# Pee Wee's Playhouse Has Two New Members



## egyptiandan (Jan 5, 2009)

I just had a clutch (2 eggs) of Hermanns tortoises, Testudo hermanni hercegovinensis, hatch. Here they both are.













The second one





















Danny


----------



## Kristina (Jan 5, 2009)

You so have to stop that, I am turning green from jealousy!

Beautiful, as always 

I like this one, it is like he is saying, "Is it safe to come out now?"






Kristina


----------



## Isa (Jan 5, 2009)

OMG!!! They are soo cute  I am in love with both of them


----------



## Meg90 (Jan 5, 2009)

I love how they are all "squished!" That's so awesome how they take on the shape of the egg...

Beautiful babies Danny!


----------



## JustAnja (Jan 5, 2009)

Just precious Danny, congrats


----------



## Jacqui (Jan 5, 2009)

Sweet sweet sweet!



Ummmmm Danny, are you going to be selling that first one in the future?


----------



## jlyoncc1 (Jan 5, 2009)

Danny, As always they are beautiful!
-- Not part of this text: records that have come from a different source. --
lemma averaged_dual_step:
  fixes f :: "'n::finite \<Rightarrow> real \<Rightarrow> real" and z y c :: "real^'n"
  assumes gamma: "gamma > 0" and tau: "tau > 0"
    and cv: "\<And>i. convex_on UNIV (f i)" and sm: "\<And>i. smooth_with (1 / gamma) (f i)"
    and z_dom: "\<And>i. conj_fun (f i) (z $ i) \<noteq> \<infinity>"
  defines "P \<equiv> dual_prox f tau (z + tau *\<^sub>R c)" and "N \<equiv> real CARD('n)"
  shows "ereal (1 / (2 * tau) * ((1 / N) * (\<Sum>j\<in>UNIV.
            (1 + (N - 1) * gamma * tau / N) * (norm (z - y))\<^sup>2
          - (1 + gamma * tau) * (norm (vec_upd z j (P $ j) - y))\<^sup>2
          - (norm (vec_upd z j (P $ j) - z))\<^sup>2)))
    \<ge> ereal (1 / N) * (\<Sum>j\<in>UNIV.
          ereal (- (1 / N) * ((z + N *\<^sub>R (vec_upd z j (P $ j) - z) - y) \<bullet> c))
        + ereal N * fstar f (vec_upd z j (P $ j))
        - ereal (N - 1) * fstar f z
        - fstar f y)"
    (is "_ \<ge> ereal (1 / N) * ?rhs")
proof -
  have N: "N > 0" unfolding N_def by simp
  have P_dom: "\<And>i. conj_fun (f i) (P $ i) \<noteq> \<infinity>"
    unfolding P_def by (rule dual_prox_three_point(1)[OF gamma tau cv sm z_dom])
  show ?thesis
  proof (cases "\<forall>i. conj_fun (f i) (y $ i) \<noteq> \<infinity>")
    case True
    have "tau * conj_sum f P + 1/2 * (norm (P - (z + tau *\<^sub>R c)))\<^sup>2
            + (1 + gamma * tau) / 2 * (norm (y - P))\<^sup>2
          \<le> tau * conj_sum f y + 1/2 * (norm (y - (z + tau *\<^sub>R c)))\<^sup>2"
      unfolding P_def using True by (intro dual_prox_three_point(2)[OF gamma tau cv sm]) auto
    then have "2 * tau * (conj_sum f P - conj_sum f y - (P - y) \<bullet> c)
                 \<le> (norm (z - y))\<^sup>2 - (1 + gamma * tau) * (norm (P - y))\<^sup>2 - (norm (P - z))\<^sup>2"
      unfolding power2_norm_diff_shift
      by (simp add: norm_minus_commute inner_diff_left field_simps)
    from divide_right_mono[OF this, of "2 * tau * N"] show ?thesis
      using N tau
      unfolding sum_vec_upd_sq_dists N_def sum_dual_step_gap[OF z_dom P_dom True[rule_format]] by simp
  next
    case False
    then have "fstar f y = \<infinity>" using fstar_eq_PInf by blast
    then have "?rhs = (\<Sum>j\<in>(UNIV :: 'n set). -\<infinity>)"
      using P_dom z_dom by (simp add: fstar_eq_conj_sum)
    moreover have "\<bar>\<Sum>j\<in>(UNIV :: 'n set). -\<infinity>::ereal\<bar> = \<infinity>"
      and "(\<Sum>j\<in>(UNIV :: 'n set). -\<infinity>::ereal) \<noteq> \<infinity>"
      by (auto simp: sum_Inf sum_Pinfty)
    ultimately show ?thesis using N by (cases ?rhs) auto
  qed
qed

section \<open>The SDAPD iterates\<close>

lemma sdapd_cong:
  assumes "\<And>k. k < t \<Longrightarrow> om' k = om k"
  shows "sdapd A g f eta tau beta x0 y0 om' t = sdapd A g f eta tau beta x0 y0 om t"
  using assms by (induction t) (auto simp: Let_def split: prod.splits)

lemma sd_y_fun_upd: "sd_y A g f eta tau beta x0 y0 (om(t := j)) t = sd_y A g f eta tau beta x0 y0 om t"
  unfolding sd_y_def by (simp add: sdapd_cong[of t "om(t := j)" om])

lemma sd_xbar_fun_upd:
  "sd_xbar A g f eta tau beta x0 y0 (om(t := j)) t = sd_xbar A g f eta tau beta x0 y0 om t"
  unfolding sd_xbar_def sd_x_def sd_y_def by (simp add: sdapd_cong[of t "om(t := j)" om])

lemma sdapd_ynew_eq_vec_upd:
  "sdapd_ynew A f tau y xb j = vec_upd y j (dual_prox f tau (y + tau *\<^sub>R (A *v xb)) $ j)"
  by (simp add: vec_eq_iff sdapd_ynew_def dual_prox_def matrix_vector_mult_def inner_vec_def
      mult.commute)

lemma sd_y_Suc:
  "sd_y A g f eta tau beta x0 y0 om (Suc t) =
     sdapd_ynew A f tau (sd_y A g f eta tau beta x0 y0 om t) (sd_xbar A g f eta tau beta x0 y0 om t) (om t)"
  unfolding sd_y_def sd_xbar_def sd_x_def by (simp add: Let_def split: prod.splits)

lemma sd_y_conj_fun_finite:
  assumes gamma: "gamma > 0" and tau: "tau > 0"
    and cv: "\<And>i. convex_on UNIV (f i)" and sm: "\<And>i. smooth_with (1 / gamma) (f i)"
    and y0_dom: "\<And>i. conj_fun (f i) (y0 $ i) \<noteq> \<infinity>"
  shows "conj_fun (f i) (sd_y A g f eta tau beta x0 y0 om t $ i) \<noteq> \<infinity>"
proof (induction t arbitrary: i)
  case 0
  then show ?case using y0_dom by (simp add: sd_y_def)
next
  case (Suc t)
  then show ?case
    using dual_prox_three_point(1)[OF gamma tau cv sm Suc.IH]
    by (simp add: sd_y_Suc sdapd_ynew_eq_vec_upd)
qed

theorem lemma3p4:
  fixes A :: "real^'d^'n::finite"
    and f :: "'n \<Rightarrow> real \<Rightarrow> real"
    and g :: "real^'d \<Rightarrow> ereal"
    and gamma mu eta tau :: real
    and beta :: "nat \<Rightarrow> real"
    and x0 :: "real^'d" and y0 :: "real^'n"
    and om :: "nat \<Rightarrow> 'n"
    and t :: nat and y :: "real^'n"
  assumes gamma_pos: "gamma > 0"
    and f_convex: "\<And>i. convex_on UNIV (f i)"
    and f_smooth: "\<And>i. smooth_with (1 / gamma) (f i)"
    and mu_pos: "mu > 0"
    and g_closed: "closed_fun g"
    and g_sconvex: "strongly_convex mu g"
    and g_proper: "\<exists>x. g x \<noteq> \<infinity>" "\<And>x. g x \<noteq> -\<infinity>"
    and eta_pos: "eta > 0" and tau_pos: "tau > 0"
    and beta_pos: "\<And>k. beta k > 0"
    and y0_dom: "\<And>i. conj_fun (f i) (y0 $ i) \<noteq> \<infinity>"
  shows
   "ereal (1 / (2 * tau) * ((1 / real CARD('n)) * (\<Sum>j\<in>UNIV.
        (1 + (real CARD('n) - 1) * gamma * tau / real CARD('n))
           * (norm (sd_y A g f eta tau beta x0 y0 (om(t := j)) t - y))\<^sup>2
      - (1 + gamma * tau) * (norm (sd_y A g f eta tau beta x0 y0 (om(t := j)) (Suc t) - y))\<^sup>2
      - (norm (sd_y A g f eta tau beta x0 y0 (om(t := j)) (Suc t)
               - sd_y A g f eta tau beta x0 y0 (om(t := j)) t))\<^sup>2)))
    \<ge> ereal (1 / real CARD('n)) * (\<Sum>j\<in>UNIV.
        ereal (- (1 / real CARD('n)) * ((sd_ybar A g f eta tau beta x0 y0 (om(t := j)) t - y)
                 \<bullet> (A *v sd_xbar A g f eta tau beta x0 y0 (om(t := j)) t)))
      + ereal (real CARD('n)) * fstar f (sd_y A g f eta tau beta x0 y0 (om(t := j)) (Suc t))
      - ereal (real CARD('n) - 1) * fstar f (sd_y A g f eta tau beta x0 y0 (om(t := j)) t)
      - fstar f y)"
proof -
  \<comment> \<open>The dual step only involves y^t and xbar^{t+1}.\<close>
  define yt where "yt = sd_y A g f eta tau beta x0 y0 om t"
  define xb where "xb = sd_xbar A g f eta tau beta x0 y0 om t"
  have y_t: "sd_y A g f eta tau beta x0 y0 (om(t := j)) t = yt" for j
    unfolding yt_def by (rule sd_y_fun_upd)
  have xbar_t: "sd_xbar A g f eta tau beta x0 y0 (om(t := j)) t = xb" for j
    unfolding xb_def by (rule sd_xbar_fun_upd)
  have y_Suc: "sd_y A g f eta tau beta x0 y0 (om(t := j)) (Suc t)
                 = vec_upd yt j (dual_prox f tau (yt + tau *\<^sub>R (A *v xb)) $ j)" for j
    by (simp add: sd_y_Suc y_t xbar_t sdapd_ynew_eq_vec_upd)
  have yt_dom: "\<And>i. conj_fun (f i) (yt $ i) \<noteq> \<infinity>"
    unfolding yt_def by (rule sd_y_conj_fun_finite[OF gamma_pos tau_pos f_convex f_smooth y0_dom])
  show ?thesis
    unfolding sd_ybar_def y_t y_Suc xbar_t
    by (rule averaged_dual_step[OF gamma_pos tau_pos f_convex f_smooth yt_dom])
qed

end
(* Let $I_o\subseteq\mathbf{EFSym}$ be the subspace spanned by the $\mathbf S^f$ with $f$ not acyclic (i.e. $f$ has a cycle of length $\ge2$). Then $I_o$ is a Hopf ideal of $\mathbf{EFSym}$, and the quotient $\mathbf{EFSym}/I_o$ is isomorphic, as a Hopf algebra, to the Hopf subalgebra spanned by the $\mathbf S^\phi$ with $\phi$ acyclic, hence to $\mathbf H_o$.
   Context: $\mathbf{EFSym}$: over $A=\{a_{ij}:i\ne j,\ i,j\ge1\}$ with $a_{ij}\prec a_{kl}$ iff $j=k$, for $f:[n]\to[n]$, $\mathbf S^f$ is the sum of words $w_1\cdots w_n$ over $A$ with $w_{f(j)}\prec w_j$ whenever $f(j)\ne j$; these are linearly independent and span $\mathbf{EFSym}$, with product $\mathbf S^f\mathbf S^g=\mathbf S^{f\bullet g}$ (shifted concatenation: $i\mapsto f(i)$ for $i\le n$, $n+i\mapsto g(i)+n$) and coproduct $\Delta\mathbf S^f=\sum_{I\models f}\mathbf S^{\mathrm{std}(f^{[n]\setminus I})}\otimes\mathbf S^{\mathrm{std}(f^I)}$, where $I\models f$ means $f^{-1}(I)\subseteq I$, $f^I(x)=f(x)$ if $f(x)\in I$ and $x$ otherwise, and $\mathrm{std}$ conjugates by the increasing bijection $I\to[|I|]$. $\mathbf H_o$ is the Hopf algebra of ordered forests (rooted forests on vertex set $[n]$, product by shifted disjoint union, coproduct by admissible cuts), identified with the span of $\mathbf S^\phi$, $\phi$ acyclic, via $\mathcal F\mapsto\mathbf S^{f_{\mathcal F}}$ where $f_{\mathcal F}$ maps each vertex to its parent and fixes roots. *)

theory Defs
  imports Main
begin

text \<open>Basis of EFSym: maps f : [n] -> [n], encoded 0-indexed as lists f with
  f!x < length f (so f represents x+1 |-> f!x + 1).\<close>

definition is_endo :: "nat list \<Rightarrow> bool" where
  "is_endo f \<longleftrightarrow> (\<forall>x\<in>set f. x < length f)"

definition app :: "nat list \<Rightarrow> nat \<Rightarrow> nat" where
  "app f x = (if x < length f then f ! x else x)"

definition acyclic_map :: "nat list \<Rightarrow> bool" where
  "acyclic_map f \<longleftrightarrow>
     (\<forall>x < length f. \<forall>k::nat. k \<ge> 1 \<and> (app f ^^ k) x = x \<longrightarrow> app f x = x)"
lemma rotation_no_reversed_inertia_axis:
  fixes A :: "real^'d^'d" and v :: "'n::finite \<Rightarrow> real^'d"
  assumes rotA: "rotation_matrix A" and mpos: "\<And>j. m j > 0"
    and saAI: "\<And>x y. (A *v inertia m v x) \<bullet> y = x \<bullet> (A *v inertia m v y)"
    and nonrev: "plane_nonreversing ((*v) A) v"
    and ne: "norm e = 1" and \<mu>pos: "\<mu> > 0" and Ae: "A *v e = - e" and Ie: "inertia m v e = \<mu> *\<^sub>R e"
  shows False
proof -
  have ortA: "orthogonal_transformation ((*v) A)"
    using rotA by (simp add: rotation_matrix_def orthogonal_transformation_matrix)
  have ee: "e \<bullet> e = 1" using ne by (simp add: norm_eq_1)
  have "\<exists>i. e \<bullet> v i \<noteq> 0"
  proof (rule ccontr)
    assume "\<nexists>i. e \<bullet> v i \<noteq> 0"
    hence "inertia m v e = 0" by (simp add: inertia_def inner_commute)
    thus False using Ie \<mu>pos ne by auto
  qed
  then obtain i where ei: "e \<bullet> v i \<noteq> 0" by blast
  \<comment> \<open>composing with the reflection \<open>R\<close> along \<open>e\<close> keeps \<open>B \<circ> inertia\<close> self-adjoint and fixes \<open>e\<close>\<close>
  define R where "R x = x - (2 * (e \<bullet> x)) *\<^sub>R e" for x
  define B where "B x = A *v R x" for x
  have linR: "linear R"
    unfolding R_def by (rule linearI) (auto simp: inner_add_right algebra_simps scaleR_add_left)
  have ortB: "orthogonal_transformation B"
    unfolding orthogonal_transformation_def
  proof
    show "linear B" using linear_compose[OF linR matrix_vector_mul_linear] by (simp add: B_def[abs_def] o_def)
    show "\<forall>x y. B x \<bullet> B y = x \<bullet> y"
      using ortA by (simp add: B_def R_def orthogonal_transformation_def inner_diff_left
          inner_diff_right ee inner_commute algebra_simps)
  qed
  have eI: "e \<bullet> inertia m v x = \<mu> * (e \<bullet> x)" for x using inertia_selfadjoint[of m v e x] Ie by simp
  have BI: "B (inertia m v x) = A *v inertia m v x + (2 * \<mu> * (e \<bullet> x)) *\<^sub>R e" for x
    by (simp add: B_def R_def matrix_vector_mult_diff_distrib matrix_vector_mult_scaleR Ae eI)
  have saBI: "B (inertia m v x) \<bullet> y = x \<bullet> B (inertia m v y)" for x y
    using saAI[of x y] by (simp add: BI inner_add_left inner_add_right inner_commute)
  have Be: "B e = e"
    using Ae linear_neg[OF matrix_vector_mul_linear, of A e] by (simp add: B_def R_def ee scaleR_2)
  from orthogonal_psd_selfadjoint_product_cases[OF ortB linear_inertia inertia_selfadjoint
      inertia_psd[OF mpos] saBI]
  show False
  proof
    assume "\<forall>x. B (inertia m v x) = inertia m v x"
    hence "B (v k) = v k" for k
      by (intro orthogonal_transformation_fixing_inertia[where m = m and v = v, OF ortB mpos]) blast
    hence "A *v v k = v k - (2 * (e \<bullet> v k)) *\<^sub>R e" for k
      by (simp add: B_def R_def matrix_vector_mult_diff_distrib matrix_vector_mult_scaleR Ae eq_diff_eq)
    thus False by (rule rotation_not_reflection_of_configuration[OF rotA nonrev ne ei Ae])
  next
    assume "\<exists>e' \<mu>'. norm e' = 1 \<and> \<mu>' > 0 \<and> B e' = - e' \<and> inertia m v e' = \<mu>' *\<^sub>R e'"
    then obtain e' \<mu>' where ne': "norm e' = 1" and \<mu>'pos: "\<mu>' > 0" and Be': "B e' = - e'"
      and Ie': "inertia m v e' = \<mu>' *\<^sub>R e'"
      by blast
    have linB: "linear B" using ortB by (simp add: orthogonal_transformation_def)
    \<comment> \<open>\<open>e\<close> and \<open>e'\<close> are eigenvectors of \<open>B \<circ> inertia\<close> for the eigenvalues \<open>\<mu>\<close> and \<open>-\<mu>'\<close>\<close>
    have "B (inertia m v e) \<bullet> e' = e \<bullet> B (inertia m v e')" by (rule saBI)
    hence "(\<mu> + \<mu>') * (e \<bullet> e') = 0"
      using Ie Ie' Be Be' linear_scale[OF linB] by (simp add: algebra_simps inner_commute)
    hence ee': "e \<bullet> e' = 0" using \<mu>pos \<mu>'pos by simp
    have "A *v e' = - e'" using Be' by (simp add: B_def R_def ee')
    hence "e' \<bullet> (A *v y) = - (e' \<bullet> y)" for y by (rule orthogonal_transformation_inner_reversed[OF ortA])
    hence "\<not> plane_nonreversing ((*v) A) v"
      using orthogonal_transformation_inner_reversed[OF ortA Ae]
      by (intro not_plane_nonreversing[where B = "(*v) A" and v = v, OF ne ne' ee' ei]) (simp_all add: power2_eq_square)
    thus False using nonrev by contradiction
  qed
qed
I love their little squished up bodies!


----------



## terryo (Jan 5, 2009)

How adorable!!! Great pictures.


----------



## Crazy1 (Jan 5, 2009)

Congratulations Danny-Gotta love babies.


----------



## egyptiandan (Jan 5, 2009)

Thanks Kristina, Naomi, Isa, Meg, Anja, Jacqui, Dee, Terry and Robyn 

Yes they both will be for sale Jacqui as well as the next 5 fertile eggs 

Danny


----------



## katesgoey (Jan 5, 2009)

Awwwwww!!! They are gorgeous! Congrats!


----------



## tortoisenerd (Jan 5, 2009)

Awww I want one but I'm not allowed any more pets. Cute!!!


----------



## Elgin08 (Jan 6, 2009)

They are beautiful! Congrats!


----------